- WHAT THIS TASK INVOLVES -
With the line containing "0) \<le> \<beta>" as the start and the line containing "obtain g where" as the end, transcribe that span of the entries below exactly, including both.

MATERIAL FOR THIS EXERCISE below:

section \<open>The terminal cost decreases near the steady state\<close>

lemma smooth_map_linearization_error:
  fixes F :: "'a::euclidean_space \<Rightarrow> 'b::euclidean_space"
  assumes smooth: "smooth_map \<beta> F" and deriv: "(F has_derivative L) (at 0)"
  shows "norm (F x - F 0 - L x) \<le> \<bar>\<beta>\<bar> * (norm x)\<^sup>2"
proof -
  obtain D where D: "\<And>x. (F has_derivative D x) (at x)"
    and Lip: "\<And>x y. onorm (\<lambda>h. D x h - D y h) \<le> \<beta> * norm (x - y)"
    using smooth unfolding smooth_map_def by blast
  have "D 0 = L"
    by (rule has_derivative_unique[OF D deriv])
  moreover have "norm (F x - F 0 - D 0 (x - 0)) \<le> norm (x - 0) * (\<bar>\<beta>\<bar> * norm x)"
  proof (rule differentiable_bound_linearization[where S="cball 0 (norm x)" and f'=D])
    fix t :: real assume "t \<in> {0..1}"
    then show "0 + t *\<^sub>R (x - 0) \<in> cball 0 (norm x)" by (auto simp: mult_left_le_one_le)
  next
    fix y assume y: "y \<in> cball (0::'a) (norm x)"
    have "onorm (D y - D 0) \<le> \<beta> * norm (y - 0)"
      using Lip[of y 0] by (simp add: fun_diff_def)
    also have "\<dots> \<le> \<bar>\<beta>\<bar> * norm x" using y by (intro mult_mono) auto
    finally show "onorm (D y - D 0) \<le> \<bar>\<beta>\<bar> * norm x" .
  qed (auto intro: has_derivative_at_withinI D)
  ultimately show ?thesis by (simp add: power2_eq_square mult_ac)
qed

lemma smooth_scalar_linearization_error:
  fixes F :: "'a::euclidean_space \<Rightarrow> real"
  assumes smooth: "smooth_scalar \<beta> F"
  shows "\<bar>F x - F 0 - grad0 F \<bullet> x\<bar> \<le> \<bar>\<beta>\<bar> * (norm x)\<^sup>2"
proof -
  obtain g where g: "\<And>x. (F has_derivative (\<lambda>h. g x \<bullet> h)) (at x)"
    and Lip: "\<And>x y. norm (g x - g y) \<le> \<beta> * norm (x - y)"
    using smooth unfolding smooth_scalar_def by blast
  have "grad0 F = g 0"
    unfolding grad0_def
  proof (rule the_equality)
    fix g' assume "(F has_derivative (\<lambda>h. g' \<bullet> h)) (at 0)"
    from has_derivative_unique[OF this g] have "(g' - g 0) \<bullet> h = 0" for h
      by (metis inner_diff_left right_minus_eq)
    from this[of "g' - g 0"] show "g' = g 0" by simp
  qed (rule g)
  moreover have "norm (F x - F 0 - g 0 \<bullet> (x - 0)) \<le> norm (x - 0) * (\<bar>\<beta>\<bar> * norm x)"
  proof (rule differentiable_bound_linearization[where S="cball 0 (norm x)" and f'="\<lambda>y h. g y \<bullet> h"])
    fix y assume y: "y \<in> cball (0::'a) (norm x)"
    have "onorm ((\<lambda>h. g y \<bullet> h) - (\<lambda>h. g 0 \<bullet> h)) \<le> norm (g y - g 0)"
      by (rule onorm_le) (simp add: fun_diff_def Cauchy_Schwarz_ineq2 flip: inner_diff_left)
    also have "\<dots> \<le> \<beta> * norm (y - 0)" by (rule Lip)
    also have "\<dots> \<le> \<bar>\<beta>\<bar> * norm x" using y by (intro mult_mono) auto
    finally show "onorm ((\<lambda>h. g y \<bullet> h) - (\<lambda>h. g 0 \<bullet> h)) \<le> \<bar>\<beta>\<bar> * norm x" .
  next
    fix t :: real assume "t \<in> {0..1}"
    then show "0 + t *\<^sub>R (x - 0) \<in> cball 0 (norm x)" by (auto simp: mult_left_le_one_le)
  qed (auto intro: has_derivative_at_withinI g)
  ultimately show ?thesis by (simp add: power2_eq_square mult_ac)
qed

End of MATERIAL FOR THIS EXERCISE.

- REPLY -
    have "onorm (D y - D 0) \<le> \<beta> * norm (y - 0)"
      using Lip[of y 0] by (simp add: fun_diff_def)
    also have "\<dots> \<le> \<bar>\<beta>\<bar> * norm x" using y by (intro mult_mono) auto
    finally show "onorm (D y - D 0) \<le> \<bar>\<beta>\<bar> * norm x" .
  qed (auto intro: has_derivative_at_withinI D)
  ultimately show ?thesis by (simp add: power2_eq_square mult_ac)
qed

lemma smooth_scalar_linearization_error:
  fixes F :: "'a::euclidean_space \<Rightarrow> real"
  assumes smooth: "smooth_scalar \<beta> F"
  shows "\<bar>F x - F 0 - grad0 F \<bullet> x\<bar> \<le> \<bar>\<beta>\<bar> * (norm x)\<^sup>2"
proof -
  obtain g where g: "\<And>x. (F has_derivative (\<lambda>h. g x \<bullet> h)) (at x)"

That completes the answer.